DATASET EXCERPTS:
- - - - - - -
(* Let $X$ be a connected simple graph with countable vertex set, bounded degree and no vertex of degree one; let $M=\sup_{x\in VX}\deg(x)$, $\alpha=\frac{M+\sqrt{M^2+4M}}{2}$, and $f(u)=A_Xu-Q_Xu^2$ for $u\in\mathbb C$. Then for $|u|<1/\alpha$, $$f'(u)(I-f(u))^{-1}=-\frac{d}{du}\log(I-f(u))+u^2\sum_{n=1}^\infty\frac1n\sum_{j=1}^{n-1}j\,f(u)^{n-1-j}[A_X,Q_X]f(u)^{j-1},$$ where $[A_X,Q_X]=A_XQ_X-Q_XA_X$.
   Context: For a graph $X$ with edges $e$ having origin $o(e)$ and terminus $t(e)$, $E_x=\{e:o(e)=x\}$, $\deg(x)=|E_x|$; simple means no loops and no multiple edges. On $\ell^2(VX)$: $(A_Xf)(x)=\sum_{e\in E_x}f(t(e))$, $(D_Xf)(x)=\deg(x)f(x)$, $Q_X=D_X-I$. For $|u|<1/\alpha$ one has $\|f(u)\|<1$ in operator norm, and $\log(I-f(u))$ denotes $-\sum_{n=1}^\infty\frac1n f(u)^n$ (convergent in operator norm, uniformly on compact subsets), with its derivative in $u$. *)

theory Defs
  imports "HOL-Analysis.Analysis"
begin

text \<open>Operators on l2(V) are modelled as maps on complex-valued functions on the
vertex type; only their behaviour on square-summable functions matters.\<close>

type_synonym 'v op = "('v \<Rightarrow> complex) \<Rightarrow> ('v \<Rightarrow> complex)"

definition ell2 :: "('v \<Rightarrow> complex) set" where
  "ell2 = {g. (\<lambda>x. (cmod (g x))\<^sup>2) summable_on UNIV}"

definition l2norm :: "('v \<Rightarrow> complex) \<Rightarrow> real" where
  "l2norm g = sqrt (infsum (\<lambda>x. (cmod (g x))\<^sup>2) UNIV)"

definition op_bound :: "'v op \<Rightarrow> real \<Rightarrow> bool" where
  "op_bound T c \<longleftrightarrow> (\<forall>g\<in>ell2. T g \<in> ell2 \<and> l2norm (T g) \<le> c * l2norm g)"

definition op_diff :: "'v op \<Rightarrow> 'v op \<Rightarrow> 'v op" where
  "op_diff T S = (\<lambda>g x. T g x - S g x)"

definition op_tendsto :: "(nat \<Rightarrow> 'v op) \<Rightarrow> 'v op \<Rightarrow> bool" where
  "op_tendsto T S \<longleftrightarrow> (\<forall>\<epsilon>>0. eventually (\<lambda>N. op_bound (op_diff (T N) S) \<epsilon>) sequentially)"

definition op_sums :: "(nat \<Rightarrow> 'v op) \<Rightarrow> 'v op \<Rightarrow> bool" where
  "op_sums T S \<longleftrightarrow> op_tendsto (\<lambda>N g x. \<Sum>n<N. T n g x) S"

definition op_has_deriv :: "(complex \<Rightarrow> 'v op) \<Rightarrow> 'v op \<Rightarrow> complex \<Rightarrow> bool" where
  "op_has_deriv F D u \<longleftrightarrow>
     (\<forall>\<epsilon>>0. \<exists>\<delta>>0. \<forall>h. h \<noteq> 0 \<and> cmod h < \<delta> \<longrightarrow>
        op_bound (\<lambda>g x. (F (u + h) g x - F u g x) / h - D g x) \<epsilon>)"
(* Let $\theta=\mathrm{cf}(\theta)$, $\kappa$ a cardinal, and $\sigma$ a regular cardinal with $\sigma>\kappa^+$ and $|\alpha|^\kappa<\sigma$ for all $\alpha<\sigma$. Let $D$ be a $\sigma$-complete filter on $\theta$ with $\theta\setminus\alpha\in D$ for all $\alpha<\theta$, and for each $\alpha<\theta$ let $\langle\beta^\alpha_\varepsilon:\varepsilon<\kappa\rangle$ be a sequence of ordinals. Then for every $X\subseteq\theta$ with $X\neq\emptyset$ mod $D$ there are a sequence of ordinals $\langle\beta^*_\varepsilon:\varepsilon<\kappa\rangle$ and $w\subseteq\kappa$ such that: (a) if $\varepsilon\in\kappa\setminus w$ then $\sigma\le\mathrm{cf}(\beta^*_\varepsilon)\le\theta$; (b) the set $B$ of $\alpha\in X$ such that $\beta^\alpha_\varepsilon=\beta^*_\varepsilon$ for all $\varepsilon\in w$, and $\sup\{\beta^*_\zeta:\zeta<\kappa,\beta^*_\zeta<\beta^*_\varepsilon\}<\beta^\alpha_\varepsilon<\beta^*_\varepsilon$ for all $\varepsilon\in\kappa\setminus w$, satisfies $B\neq\emptyset$ mod $D$; (c) if $\beta'_\varepsilon<\beta^*_\varepsilon$ for $\varepsilon\in\kappa\setminus w$, then $\{\alpha\in B:\beta'_\varepsilon<\beta^\alpha_\varepsilon$ for all $\varepsilon\in\kappa\setminus w\}\neq\emptyset$ mod $D$.
   Context: For $Y\subseteq\theta$, "$Y\neq\emptyset$ mod $D$" means $\theta\setminus Y\notin D$. A filter is $\sigma$-complete if it is closed under intersections of fewer than $\sigma$ members. *)

theory Defs
  imports Main
begin

text \<open>Ordinals are represented as elements of an arbitrary well-ordered type 'o;
  the ordinal x is identified with the set of its predecessors.\<close>

definition below :: "'o::wellorder \<Rightarrow> 'o set" where
  "below x = {y. y < x}"

definition cofinal_in :: "'o::wellorder set \<Rightarrow> 'o \<Rightarrow> bool" where
  "cofinal_in A x \<longleftrightarrow> A \<subseteq> below x \<and> (\<forall>y<x. \<exists>a\<in>A. y \<le> a)"

definition cof :: "'o::wellorder \<Rightarrow> 'o" where
  "cof x = (LEAST y. \<exists>A. cofinal_in A x \<and> (card_of A, card_of (below y)) \<in> ordIso)"

definition osup :: "'o::wellorder set \<Rightarrow> 'o" where
  "osup S = (LEAST y. \<forall>z\<in>S. z \<le> y)"
lemma disk_twist_inverse:
  assumes w: "cmod w = 1" and u: "cmod u < 1"
  shows "disk_twist w (disk_twist (- w) u) = u"
proof -
  have ww: "w * cnj w = 1"
    using complex_norm_square[of w] w by simp
  define q where "q = u * cnj u"
  have "cmod (u * cnj w) < 1"
    using u w by (simp add: norm_mult)
  then have den: "1 - u * cnj w \<noteq> 0"
    by auto
  then have den_cnj: "1 - cnj u * w \<noteq> 0"
    by (metis complex_cnj_cnj complex_cnj_diff complex_cnj_mult complex_cnj_one complex_cnj_zero)
  have "cmod q < 1"
    using mult_strict_mono'[OF u u] by (simp add: q_def norm_mult)
  then have q: "1 - q \<noteq> 0"
    by auto
  define v where "v = u * (1 - cnj u * w) / (1 - u * cnj w)"
  have v: "disk_twist (- w) u = v"
    by (simp add: disk_twist_def v_def)
  have "1 + cnj v * w = ((1 - cnj u * w) + cnj u * (1 - u * cnj w) * w) / (1 - cnj u * w)"
    using den_cnj by (simp add: v_def divide_simps)
  also have "(1 - cnj u * w) + cnj u * (1 - u * cnj w) * w = 1 - q"
    by (simp add: q_def algebra_simps) (metis ww mult.assoc mult.left_commute mult_1_right)
  finally have num: "1 + cnj v * w = (1 - q) / (1 - cnj u * w)" .
  have "1 + v * cnj w = ((1 - u * cnj w) + u * (1 - cnj u * w) * cnj w) / (1 - u * cnj w)"
    using den by (simp add: v_def divide_simps)
  also have "(1 - u * cnj w) + u * (1 - cnj u * w) * cnj w = 1 - q"
    by (simp add: q_def algebra_simps) (metis ww mult.assoc mult.commute mult.left_commute mult_1_right)
  finally have denom: "1 + v * cnj w = (1 - q) / (1 - u * cnj w)" .
  have "disk_twist w v = v * ((1 - q) / (1 - cnj u * w)) / ((1 - q) / (1 - u * cnj w))"
    unfolding disk_twist_def num denom ..
  also have "\<dots> = u"
    using den den_cnj q by (simp add: v_def divide_simps)
  finally show ?thesis
    unfolding v .
qed

definition twist_angle :: "real \<Rightarrow> real \<Rightarrow> real \<Rightarrow> real" where
  "twist_angle r a t = t + 2 * arctan (r * sin (t - a) / (1 - r * cos (t - a)))"

lemma twist_angle_periodic: "twist_angle r a (t + 2*pi) = twist_angle r a t + 2*pi"
proof -
  have "t + 2*pi - a = (t - a) + 2*pi"
    by simp
  then show ?thesis
    unfolding twist_angle_def by (simp only: sin_periodic cos_periodic)
qed

lemma abs_twist_angle_zero_le: "\<bar>twist_angle r a 0\<bar> \<le> 2*pi"
  unfolding twist_angle_def using arctan_bounded[of "r * sin (0 - a) / (1 - r * cos (0 - a))"]
  by linarith

lemma cis_twist_angle:
  assumes r: "\<bar>r\<bar> < 1"
  shows "of_real r * cis (twist_angle r a t) = disk_twist (- cis a) (of_real r * cis t)"
proof -
  define c s where "c = cos (t - a)" and "s = sin (t - a)"
  have pos: "0 < 1 - r * c"
    unfolding c_def using one_minus_mult_cos_pos[OF r] .
  define x where "x = r * s / (1 - r * c)"
  have "cis (twist_angle r a t) = cis t * ((1 + \<i> * of_real x) / (1 - \<i> * of_real x))"
    unfolding twist_angle_def cis_two_arctan[symmetric] x_def c_def s_def by (simp add: cis_mult)
  also have "(1 + \<i> * of_real x) / (1 - \<i> * of_real x)
      = (of_real (1 - r * c) + \<i> * of_real (r * s)) / (of_real (1 - r * c) - \<i> * of_real (r * s))"
  proof -
    have "(of_real (1 - r * c) :: complex) \<noteq> 0"
      using pos by (metis of_real_eq_0_iff less_irrefl)
    then show ?thesis
      by (simp add: x_def divide_simps)
  qed
  also have "of_real (1 - r * c) + \<i> * of_real (r * s) = 1 - cnj (of_real r * cis t) * cis a"
    by (simp add: c_def s_def complex_eq_iff cos_diff sin_diff algebra_simps)
  also have "of_real (1 - r * c) - \<i> * of_real (r * s) = 1 - of_real r * cis t * cnj (cis a)"
    by (simp add: c_def s_def complex_eq_iff cos_diff sin_diff algebra_simps)
  finally have "cis (twist_angle r a t) = cis t * ((1 - cnj (of_real r * cis t) * cis a) / (1 - of_real r * cis t * cnj (cis a)))" .
  moreover have "disk_twist (- cis a) (of_real r * cis t)
      = of_real r * cis t * (1 - cnj (of_real r * cis t) * cis a) / (1 - of_real r * cis t * cnj (cis a))"
    by (simp add: disk_twist_def)
  ultimately show ?thesis
    by (simp add: mult.assoc)
qed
- - - - - - -
REQUIRED WORK:
Your answer must be the lines above from the one containing "c) :: complex)" to the one containing "s) = 1 - of_real", both included, restated word for word.

OUTPUT:
    have "(of_real (1 - r * c) :: complex) \<noteq> 0"
      using pos by (metis of_real_eq_0_iff less_irrefl)
    then show ?thesis
      by (simp add: x_def divide_simps)
  qed
  also have "of_real (1 - r * c) + \<i> * of_real (r * s) = 1 - cnj (of_real r * cis t) * cis a"
    by (simp add: c_def s_def complex_eq_iff cos_diff sin_diff algebra_simps)
  also have "of_real (1 - r * c) - \<i> * of_real (r * s) = 1 - of_real r * cis t * cnj (cis a)"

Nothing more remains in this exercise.